Casi 1,5 millones de docentes y 23,4 millones de estudiantes de Educación Superior en toda América Latina actualmente se hallan comprometidos con el desafío y la prioridad de mantener la continuidad de los procesos de enseñanza y de aprendizaje en formatos educativos de “no-presencialidad”.
Las estrategias de aislamiento y las distintas formas de cuarentena desplegadas por las políticas de salud pública en todo el mundo con el objeto de enfrentar el virus y su terrible capacidad de daño, impactaron de un modo directo en la educación produciéndose el cierre de la totalidad de las Universidades y con ello un hecho inédito: la pérdida del espacio áulico en particular y del espacio institucional en general, de relacionamiento académico por excelencia, espacio de encuentro, de socialización e intercambio, que implica pérdida material y simbólica, que implica distanciamiento tangible pero también espiritual.
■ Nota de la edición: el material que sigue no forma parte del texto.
unbundle cross3_syntax

section \<open>C^k maps on open sets\<close>

lemma Ck_on_Suc_has_derivative:
  "Ck_on (Suc k) U f \<Longrightarrow> x \<in> U \<Longrightarrow> (f has_derivative frechet_derivative f (at x)) (at x)"
  using frechet_derivative_works by auto

lemma Ck_on_Suc_imp_Ck_on: "Ck_on (Suc k) U f \<Longrightarrow> Ck_on k U f"
proof (induction k arbitrary: f)
  case 0
  then show ?case
    by (auto intro!: continuous_at_imp_continuous_on differentiable_imp_continuous_within)
qed auto

lemma Ck_on_cong:
  assumes "open U" "\<And>x. x \<in> U \<Longrightarrow> f x = g x" "Ck_on k U f"
  shows "Ck_on k U g"
  using assms
proof (induction k arbitrary: f g)
  case 0
  then show ?case using continuous_on_cong by force
next
  case (Suc k)
  have g': "(g has_derivative frechet_derivative f (at x)) (at x)" if "x \<in> U" for x
    using has_derivative_transform_within_open[OF Ck_on_Suc_has_derivative[OF Suc.prems(3) that]]
      Suc.prems(1,2) that by simp
  then have "frechet_derivative g (at x) = frechet_derivative f (at x)" if "x \<in> U" for x
    using frechet_derivative_at that by metis
  then have "Ck_on k U (\<lambda>x. frechet_derivative g (at x) v)" for v
    using Suc.IH[of "\<lambda>x. frechet_derivative f (at x) v"] Suc.prems by auto
  with g' show ?case
    by (auto simp: differentiable_def)
qed

lemma Ck_on_SucI:
  assumes "open U"
    and "\<And>x. x \<in> U \<Longrightarrow> (f has_derivative f' x) (at x)"
    and "\<And>v. Ck_on k U (\<lambda>x. f' x v)"
  shows "Ck_on (Suc k) U f"
proof -
  have f': "frechet_derivative f (at x) = f' x" if "x \<in> U" for x
    using frechet_derivative_at assms(2) that by metis
  have "Ck_on k U (\<lambda>x. frechet_derivative f (at x) v)" for v
    by (rule Ck_on_cong[OF assms(1) _ assms(3)]) (simp add: f')
  with assms(2) show ?thesis
    by (auto simp: differentiable_def)
qed

lemma Ck_on_const: "Ck_on k U (\<lambda>x. c)"
proof (induction k arbitrary: c)
  case (Suc k)
  have "frechet_derivative (\<lambda>x. c) (at x) = (\<lambda>h. 0)" for x
    by (metis frechet_derivative_at has_derivative_const)
  then show ?case using Suc by simp
qed simp

lemma Ck_on_bounded_linear: "bounded_linear L \<Longrightarrow> Ck_on k U L"
proof (cases k)
  case (Suc m)
  assume L: "bounded_linear L"
  then have "frechet_derivative L (at x) = L" for x
    by (metis frechet_derivative_at bounded_linear_imp_has_derivative)
  then show ?thesis using Suc L Ck_on_const by (auto simp: bounded_linear_imp_differentiable)
qed (simp add: linear_continuous_on)

lemma Ck_on_add:
  assumes "open U"
  shows "Ck_on k U f \<Longrightarrow> Ck_on k U g \<Longrightarrow> Ck_on k U (\<lambda>x. f x + g x)"
proof (induction k arbitrary: f g)
  case (Suc k)
  show ?case
    by (rule Ck_on_SucI[OF assms has_derivative_add[OF Ck_on_Suc_has_derivative Ck_on_Suc_has_derivative]])
      (use Suc in auto)
qed (simp add: continuous_on_add)

lemma Ck_on_sum:
  fixes f :: "'i \<Rightarrow> 'a::real_normed_vector \<Rightarrow> 'b::real_normed_vector"
  assumes "open U" "finite S"
  shows "(\<And>i. i \<in> S \<Longrightarrow> Ck_on k U (f i)) \<Longrightarrow> Ck_on k U (\<lambda>x. \<Sum>i\<in>S. f i x)"
  using assms(2) by (induction S rule: finite_induct) (auto intro!: Ck_on_add[OF assms(1)] Ck_on_const)

lemma Ck_on_bilinear:
  assumes "open U" "bounded_bilinear pr"
  shows "Ck_on k U f \<Longrightarrow> Ck_on k U g \<Longrightarrow> Ck_on k U (\<lambda>x. pr (f x) (g x))"
proof (induction k arbitrary: f g)
  case 0
  then show ?case using bounded_bilinear.continuous_on[OF assms(2)] by simp
next
  case (Suc k)
  have "Ck_on k U f" "Ck_on k U g"
    using Ck_on_Suc_imp_Ck_on Suc.prems by blast+
  with Suc show ?case
    by (intro Ck_on_SucI[OF assms(1) bounded_bilinear.FDERIV[OF assms(2)
          Ck_on_Suc_has_derivative Ck_on_Suc_has_derivative]] Ck_on_add[OF assms(1)] Suc.IH) auto
qed

lemma Ck_on_scaleR:
  "open U \<Longrightarrow> Ck_on k U f \<Longrightarrow> Ck_on k U g \<Longrightarrow> Ck_on k U (\<lambda>x. f x *\<^sub>R g x)"
  by (rule Ck_on_bilinear[OF _ bounded_bilinear_scaleR])

lemma Ck_on_inner:
  "open U \<Longrightarrow> Ck_on k U f \<Longrightarrow> Ck_on k U g \<Longrightarrow> Ck_on k U (\<lambda>x. f x \<bullet> g x)"
  by (rule Ck_on_bilinear[OF _ bounded_bilinear_inner])

lemma Ck_on_cross:
  "open U \<Longrightarrow> Ck_on k U f \<Longrightarrow> Ck_on k U g \<Longrightarrow> Ck_on k U (\<lambda>x. f x \<times> g x)"
  using Ck_on_bilinear bilinear_cross bilinear_conv_bounded_bilinear by blast

lemma Ck_on_minus:
  assumes "open U" "Ck_on k U f"
  shows "Ck_on k U (\<lambda>x. - f x)"
proof -
  have "Ck_on k U (\<lambda>x. (-1) *\<^sub>R f x)"
    by (intro Ck_on_scaleR Ck_on_const assms)
  then show ?thesis by (rule Ck_on_cong[OF assms(1), rotated]) simp
qed

lemma Ck_on_diff:
  assumes "open U" "Ck_on k U f" "Ck_on k U g"
  shows "Ck_on k U (\<lambda>x. f x - g x)"
proof -
  have "Ck_on k U (\<lambda>x. f x + - g x)"
    by (intro Ck_on_add Ck_on_minus assms)
  then show ?thesis by (rule Ck_on_cong[OF assms(1), rotated]) simp
qed

lemma Ck_on_inverse:
  fixes g :: "'a::real_normed_vector \<Rightarrow> real"
  assumes "open U"
  shows "Ck_on k U g \<Longrightarrow> (\<And>x. x \<in> U \<Longrightarrow> g x \<noteq> 0) \<Longrightarrow> Ck_on k U (\<lambda>x. inverse (g x))"
proof (induction k arbitrary: g)
  case (Suc k)
  have "Ck_on k U (\<lambda>x. inverse (g x))"
    using Suc Ck_on_Suc_imp_Ck_on by blast
  then have "Ck_on k U (\<lambda>x. - (inverse (g x) * frechet_derivative g (at x) v * inverse (g x)))" for v
    using Suc.prems(1)
    by (intro Ck_on_minus Ck_on_bilinear[OF assms bounded_bilinear_mult] Ck_on_const assms) auto
  with Suc.prems show ?case
    by (intro Ck_on_SucI[OF assms Deriv.has_derivative_inverse[OF _ Ck_on_Suc_has_derivative]])
qed (simp add: continuous_on_inverse)

lemma Ck_on_linear_apply:
  fixes L :: "'a::real_normed_vector \<Rightarrow> 'c::euclidean_space \<Rightarrow> 'b::real_normed_vector"
  assumes "open U" "\<And>x. x \<in> U \<Longrightarrow> linear (L x)"
    and "\<And>b. b \<in> Basis \<Longrightarrow> Ck_on k U (\<lambda>x. L x b)" "Ck_on k U w"
  shows "Ck_on k U (\<lambda>x. L x (w x))"
proof -
  have "Ck_on k U (\<lambda>x. \<Sum>b\<in>Basis. (w x \<bullet> b) *\<^sub>R L x b)"
    by (intro Ck_on_sum Ck_on_scaleR Ck_on_inner Ck_on_const assms finite_Basis)
  moreover have "(\<Sum>b\<in>Basis. (w x \<bullet> b) *\<^sub>R L x b) = L x (w x)" if "x \<in> U" for x
  proof -
    have "L x (w x) = L x (\<Sum>b\<in>Basis. (w x \<bullet> b) *\<^sub>R b)"
      by (simp add: euclidean_representation)
    then show ?thesis
      by (simp add: linear_sum[OF assms(2)[OF that]] linear_scale[OF assms(2)[OF that]])
  qed
  ultimately show ?thesis by (rule Ck_on_cong[OF assms(1), rotated])
qed

lemma Ck_on_compose:
  fixes f :: "'c::euclidean_space \<Rightarrow> 'b::real_normed_vector" and g :: "'a::real_normed_vector \<Rightarrow> 'c"
  assumes "open U"
  shows "Ck_on k V f \<Longrightarrow> Ck_on k U g \<Longrightarrow> g ` U \<subseteq> V \<Longrightarrow> Ck_on k U (\<lambda>x. f (g x))"
proof (induction k arbitrary: f g)
  case 0
  then show ?case using continuous_on_compose2[of V f U g] by simp
next
  case (Suc k)
  have gx: "g x \<in> V" if "x \<in> U" for x using Suc.prems(3) that by auto
  have g: "Ck_on k U g" using Ck_on_Suc_imp_Ck_on Suc.prems(2) by blast
  have "Ck_on k U (\<lambda>x. frechet_derivative f (at (g x)) (frechet_derivative g (at x) v))" for v
  proof (rule Ck_on_linear_apply[OF assms])
    show "linear (frechet_derivative f (at (g x)))" if "x \<in> U" for x
      using has_derivative_linear[OF Ck_on_Suc_has_derivative[OF Suc.prems(1) gx[OF that]]] .
    show "Ck_on k U (\<lambda>x. frechet_derivative f (at (g x)) b)" for b
      using Suc.prems(1) by (intro Suc.IH[OF _ g Suc.prems(3)]) simp
    show "Ck_on k U (\<lambda>x. frechet_derivative g (at x) v)"
      using Suc.prems(2) by simp
  qed
  then show ?case
    using Suc.prems gx
    by (intro Ck_on_SucI[OF assms has_derivative_compose[OF Ck_on_Suc_has_derivative
          Ck_on_Suc_has_derivative]])
qed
De este modo, la enseñanza a distancia sustentada en las nuevas tecnologías de la comunicación, que no constituye en si mismo un fenómeno novedoso ni de aparición reciente, sin embargo deviene novedad en su generalización y en la forma en que nos sorprendió sin solución de continuidad y con poco adiestramiento -es evidente que “estar conectado” o “manejarse” con las redes sociales de ningún modo implica estar en condiciones de participar eficazmente en procesos de enseñanza y de aprendizaje, o poder encauzar estrategias pedagógicas en entornos virtuales- configurando lo que denominamos “virtualidad emergente” (Orler, 2020).